__Stored data entries__.
(* Let $n\ge2$ and $k=n$. Then the nerve of the category $\pi^{-1}(\{n-1,n\})\cap V_+\pi^{-1}(\{0,\dots,n-2\})$ is weakly contractible.
   Context: $c\mathrm{Sd}^2\Lambda^n[n]$ denotes the poset whose objects are strictly increasing chains $A_0\subsetneq\dots\subsetneq A_m$ ($m\ge0$) of non-empty subsets of $[n]=\{0,\dots,n\}$ with $A_m\ne[n]$ and $A_m\ne\{0,\dots,n-1\}$, ordered by $B_\bullet\le A_\bullet$ iff each $B_j$ occurs among the $A_i$. $\pi$ sends $A_\bullet$ to $\min A_0$; for $S\subseteq[n]$, $\pi^{-1}(S)$ is the full subposet of chains with $\min A_0\in S$. For a full subposet $\mathcal{C}$, $V_+\mathcal{C}$ is the full subposet of all $d$ such that $c\le d$ for some $c\in\mathcal{C}$. *)

theory Defs
  imports "HOL-Analysis.Analysis"
begin

text \<open>Weak contractibility: nonempty, and every continuous map from every
  k-sphere is (freely) homotopic to a constant map, i.e. all homotopy groups vanish.\<close>
definition weakly_contractible_space :: "'a topology \<Rightarrow> bool" where
  "weakly_contractible_space X \<longleftrightarrow> topspace X \<noteq> {} \<and>
     (\<forall>k f. continuous_map (nsphere k) X f \<longrightarrow>
        (\<exists>a. homotopic_with (\<lambda>_. True) (nsphere k) X f (\<lambda>_. a)))"

text \<open>Geometric realization of the nerve of a poset (P, le): the order complex,
  realized as finitely supported barycentric-coordinate functions whose support is a
  chain in P, with the subspace topology of the product topology (for finite P this is
  the standard geometric realization).\<close>
definition nerve_realization :: "'a set \<Rightarrow> ('a \<Rightarrow> 'a \<Rightarrow> bool) \<Rightarrow> ('a \<Rightarrow> real) topology" where
  "nerve_realization P le = subtopology (powertop_real UNIV)
     {f. (\<forall>x. 0 \<le> f x) \<and> (\<forall>x. x \<notin> P \<longrightarrow> f x = 0) \<and> finite {x. f x \<noteq> 0}
         \<and> sum f {x. f x \<noteq> 0} = 1
         \<and> (\<forall>x y. f x \<noteq> 0 \<longrightarrow> f y \<noteq> 0 \<longrightarrow> le x y \<or> le y x)}"

text \<open>Objects of cSd^2 Lambda^n[n]: a strict chain A_0 < ... < A_m is represented by
  the (nonempty, totally ordered by inclusion) set {A_0,...,A_m} of nonempty subsets of
  [n] = {0..n}; the top element A_m is the union, which must differ from [n] and from
  {0,...,n-1}.  The order B <= A (each B_j occurs among the A_i) is inclusion of sets.\<close>
definition csd2_obj :: "nat \<Rightarrow> nat set set \<Rightarrow> bool" where
  "csd2_obj n C \<longleftrightarrow> C \<noteq> {} \<and> finite C \<and>
     (\<forall>A\<in>C. A \<noteq> {} \<and> A \<subseteq> {0..n}) \<and>
     (\<forall>A\<in>C. \<forall>B\<in>C. A \<subseteq> B \<or> B \<subseteq> A) \<and>
     \<Union>C \<noteq> {0..n} \<and> \<Union>C \<noteq> {0..<n}"

definition csd2 :: "nat \<Rightarrow> nat set set set" where
  "csd2 n = {C. csd2_obj n C}"

text \<open>pi sends the chain to min A_0, where A_0 (the smallest set) is the intersection.\<close>
definition pi_map :: "nat set set \<Rightarrow> nat" where
  "pi_map C = Min (\<Inter>C)"

definition pi_inv :: "nat \<Rightarrow> nat set \<Rightarrow> nat set set set" where
  "pi_inv n S = {C \<in> csd2 n. pi_map C \<in> S}"

definition V_plus :: "nat \<Rightarrow> nat set set set \<Rightarrow> nat set set set" where
  "V_plus n \<C> = {D \<in> csd2 n. \<exists>C\<in>\<C>. C \<subseteq> D}"

end

theory Submission
  imports Defs
begin

text \<open>The poset consists of the chains of faces of the horn whose bottom face lies in
  \<open>{n-1, n}\<close> and which contain a vertex \<open>\<le> n-2\<close>. By Quillen's homotopy property,
  comparable order-preserving self-maps of a finite poset induce homotopic maps of its
  realization, so it suffices to join the identity to a constant map by a zigzag of comparable
  maps, each applied facewise to chains. First \<open>n\<close> is adjoined to the faces of size \<open>\<ge> j\<close>,
  for \<open>j\<close> decreasing from \<open>n+2\<close> to \<open>0\<close>; then \<open>n-1\<close> is removed from the faces of size
  \<open>\<le> j\<close>, for \<open>j\<close> increasing up to \<open>n+1\<close>. Consecutive maps are comparable through the
  union of the two image chains. At the end every face lies between \<open>{n}\<close> and
  \<open>[n] - {n-1}\<close>, so the image of every chain is comparable, again through the union,
  with the constant chain \<open>{{n}, [n] - {n-1}}\<close>.\<close>

definition nerve_points :: "'a set \<Rightarrow> ('a \<Rightarrow> 'a \<Rightarrow> bool) \<Rightarrow> ('a \<Rightarrow> real) set" where
  "nerve_points P le = {f. (\<forall>x. 0 \<le> f x) \<and> (\<forall>x. x \<notin> P \<longrightarrow> f x = 0) \<and> finite {x. f x \<noteq> 0}
     \<and> sum f {x. f x \<noteq> 0} = 1 \<and> (\<forall>x y. f x \<noteq> 0 \<longrightarrow> f y \<noteq> 0 \<longrightarrow> le x y \<or> le y x)}"

lemma nerve_realization_eq:
  "nerve_realization P le = subtopology (powertop_real UNIV) (nerve_points P le)"
  by (simp add: nerve_realization_def nerve_points_def)

lemma topspace_nerve_realization: "topspace (nerve_realization P le) = nerve_points P le"
  by (simp add: nerve_realization_def nerve_points_def)

lemma nerve_pointsI:
  assumes "finite P" "\<And>x. 0 \<le> f x" "\<And>x. x \<notin> P \<Longrightarrow> f x = 0" "sum f P = 1"
    "\<And>x y. f x \<noteq> 0 \<Longrightarrow> f y \<noteq> 0 \<Longrightarrow> le x y \<or> le y x"
  shows "f \<in> nerve_points P le"
proof -
  have supp: "{x. f x \<noteq> 0} \<subseteq> P"
    using assms(3) by auto
  then have "sum f {x. f x \<noteq> 0} = sum f P"
    by (intro sum.mono_neutral_left) (use assms in auto)
  with assms supp show ?thesis
    by (auto simp: nerve_points_def intro: finite_subset)
qed

lemma nerve_points_sum:
  assumes "finite P" "f \<in> nerve_points P le"
  shows "sum f P = 1"
proof -
  have "{x. f x \<noteq> 0} \<subseteq> P"
    using assms by (auto simp: nerve_points_def)
  then have "sum f {x. f x \<noteq> 0} = sum f P"
    by (intro sum.mono_neutral_left) (use assms in auto)
  with assms show ?thesis
    by (simp add: nerve_points_def)
qed

lemma vertex_in_nerve_points:
  fixes c :: "'a::order"
  assumes "c \<in> P"
  shows "(\<lambda>x. if x = c then 1 else 0) \<in> nerve_points P (\<le>)"
proof -
  have "{x. (if x = c then 1 else 0 :: real) \<noteq> 0} = {c}"
    by auto
  then show ?thesis
    using assms by (simp add: nerve_points_def)
qed

lemma continuous_map_nerve_coordinate:
  "continuous_map (nerve_realization P le) euclideanreal (\<lambda>f. f x)"
  unfolding nerve_realization_eq
  by (intro continuous_map_from_subtopology continuous_map_product_projection) auto

definition nerve_map :: "'a set \<Rightarrow> ('a \<Rightarrow> 'b) \<Rightarrow> ('a \<Rightarrow> real) \<Rightarrow> 'b \<Rightarrow> real" where
  "nerve_map P r f = (\<lambda>y. \<Sum>x\<in>{x\<in>P. r x = y}. f x)"

lemma nerve_map_cong: "(\<And>x. x \<in> P \<Longrightarrow> r x = s x) \<Longrightarrow> nerve_map P r = nerve_map P s"
  unfolding nerve_map_def by (intro ext sum.cong) auto

lemma nerve_map_cong_weights: "(\<And>x. x \<in> P \<Longrightarrow> f x = g x) \<Longrightarrow> nerve_map P r f = nerve_map P r g"
  unfolding nerve_map_def by (intro ext sum.cong) auto

lemma nerve_map_nonzero:
  assumes "nerve_map P r f y \<noteq> 0"
  obtains x where "x \<in> P" "r x = y" "f x \<noteq> 0"
proof -
  from assms obtain x where "x \<in> {x\<in>P. r x = y}" "f x \<noteq> 0"
    unfolding nerve_map_def by (rule sum.not_neutral_contains_not_neutral)
  then show thesis
    using that by blast
qed

lemma sum_nerve_map:
  assumes "finite P" "finite Q" "r ` P \<subseteq> Q"
  shows "sum (nerve_map P r f) Q = sum f P"
  unfolding nerve_map_def using assms by (rule sum.group)

lemma nerve_map_id:
  assumes "f \<in> nerve_points P le"
  shows "nerve_map P id f = f"
proof
  fix y
  show "nerve_map P id f y = f y"
  proof (cases "y \<in> P")
    case True
    then have "{x\<in>P. id x = y} = {y}"
      by auto
    then show ?thesis
      by (simp add: nerve_map_def)
  next
    case False
    then show ?thesis
      using assms by (simp add: nerve_map_def nerve_points_def)
  qed
qed

lemma nerve_map_const:
  assumes "finite P" "f \<in> nerve_points P le"
  shows "nerve_map P (\<lambda>_. c) f = (\<lambda>y. if y = c then 1 else 0)"
proof
  fix y
  show "nerve_map P (\<lambda>_. c) f y = (if y = c then 1 else 0)"
    using nerve_points_sum[OF assms] by (cases "y = c") (simp_all add: nerve_map_def)
qed

definition mass_above :: "'a::order set \<Rightarrow> ('a \<Rightarrow> real) \<Rightarrow> 'a \<Rightarrow> real" where
  "mass_above P f x = (\<Sum>z\<in>{z\<in>P. x < z}. f z)"

text \<open>The homotopy from \<open>nerve_map P r\<close> to \<open>nerve_map P s\<close> stacks the weights of a chain
  from its top element downwards and, at time \<open>t\<close>, moves the top \<open>t\<close> units of weight from
  \<open>r\<close> to \<open>s\<close>. Moved weight then sits above unmoved weight, which together with \<open>r \<le> s\<close>
  keeps the support a chain.\<close>
definition moved_mass :: "'a::order set \<Rightarrow> real \<Rightarrow> ('a \<Rightarrow> real) \<Rightarrow> 'a \<Rightarrow> real" where
  "moved_mass P t f x = max 0 (min (f x) (t - mass_above P f x))"

definition prism_homotopy ::
    "'a::order set \<Rightarrow> ('a \<Rightarrow> 'a) \<Rightarrow> ('a \<Rightarrow> 'a) \<Rightarrow> real \<Rightarrow> ('a \<Rightarrow> real) \<Rightarrow> 'a \<Rightarrow> real" where
  "prism_homotopy P r s t f =
     (\<lambda>y. nerve_map P r (\<lambda>x. f x - moved_mass P t f x) y + nerve_map P s (moved_mass P t f) y)"

lemma moved_mass_bounds: "0 \<le> f x \<Longrightarrow> 0 \<le> moved_mass P t f x \<and> moved_mass P t f x \<le> f x"
  by (simp add: moved_mass_def)

lemma mass_above_nonneg: "f \<in> nerve_points P le \<Longrightarrow> 0 \<le> mass_above P f x"
  unfolding mass_above_def nerve_points_def by (auto intro: sum_nonneg)

lemma mass_above_add_le:
  assumes "finite P" "f \<in> nerve_points P le" "x \<in> P" "y < x"
  shows "mass_above P f x + f x \<le> mass_above P f y"
proof -
  have "mass_above P f x + f x = sum f (insert x {z\<in>P. x < z})"
    unfolding mass_above_def using assms by (subst sum.insert) auto
  also have "\<dots> \<le> sum f {z\<in>P. y < z}"
    by (rule sum_mono2) (use assms in \<open>auto simp: nerve_points_def\<close>)
  finally show ?thesis
    unfolding mass_above_def .
qed

lemma mass_above_add_le_1:
  assumes "finite P" "f \<in> nerve_points P le" "x \<in> P"
  shows "mass_above P f x + f x \<le> 1"
proof -
  have "mass_above P f x + f x = sum f (insert x {z\<in>P. x < z})"
    unfolding mass_above_def using assms by (subst sum.insert) auto
  also have "\<dots> \<le> sum f P"
    by (rule sum_mono2) (use assms in \<open>auto simp: nerve_points_def\<close>)
  finally show ?thesis
    using nerve_points_sum[OF assms(1,2)] by simp
qed

lemma moved_mass_0: "f \<in> nerve_points P le \<Longrightarrow> moved_mass P 0 f x = 0"
  using mass_above_nonneg[of f P le x] by (simp add: moved_mass_def nerve_points_def)

lemma moved_mass_1:
  "finite P \<Longrightarrow> f \<in> nerve_points P le \<Longrightarrow> x \<in> P \<Longrightarrow> moved_mass P 1 f x = f x"
  using mass_above_add_le_1[of P f le x] by (simp add: moved_mass_def nerve_points_def)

__EXERCISE INSTRUCTIONS__. Your task for the entries above: copy exactly the span starting with the line with "csd2 n. pi_map" and going on through the line with "comparable through the", both lines included, and nothing else.

__REPLY__.
  "pi_inv n S = {C \<in> csd2 n. pi_map C \<in> S}"

definition V_plus :: "nat \<Rightarrow> nat set set set \<Rightarrow> nat set set set" where
  "V_plus n \<C> = {D \<in> csd2 n. \<exists>C\<in>\<C>. C \<subseteq> D}"

end

theory Submission
  imports Defs
begin

text \<open>The poset consists of the chains of faces of the horn whose bottom face lies in
  \<open>{n-1, n}\<close> and which contain a vertex \<open>\<le> n-2\<close>. By Quillen's homotopy property,
  comparable order-preserving self-maps of a finite poset induce homotopic maps of its
  realization, so it suffices to join the identity to a constant map by a zigzag of comparable
  maps, each applied facewise to chains. First \<open>n\<close> is adjoined to the faces of size \<open>\<ge> j\<close>,
  for \<open>j\<close> decreasing from \<open>n+2\<close> to \<open>0\<close>; then \<open>n-1\<close> is removed from the faces of size
  \<open>\<le> j\<close>, for \<open>j\<close> increasing up to \<open>n+1\<close>. Consecutive maps are comparable through the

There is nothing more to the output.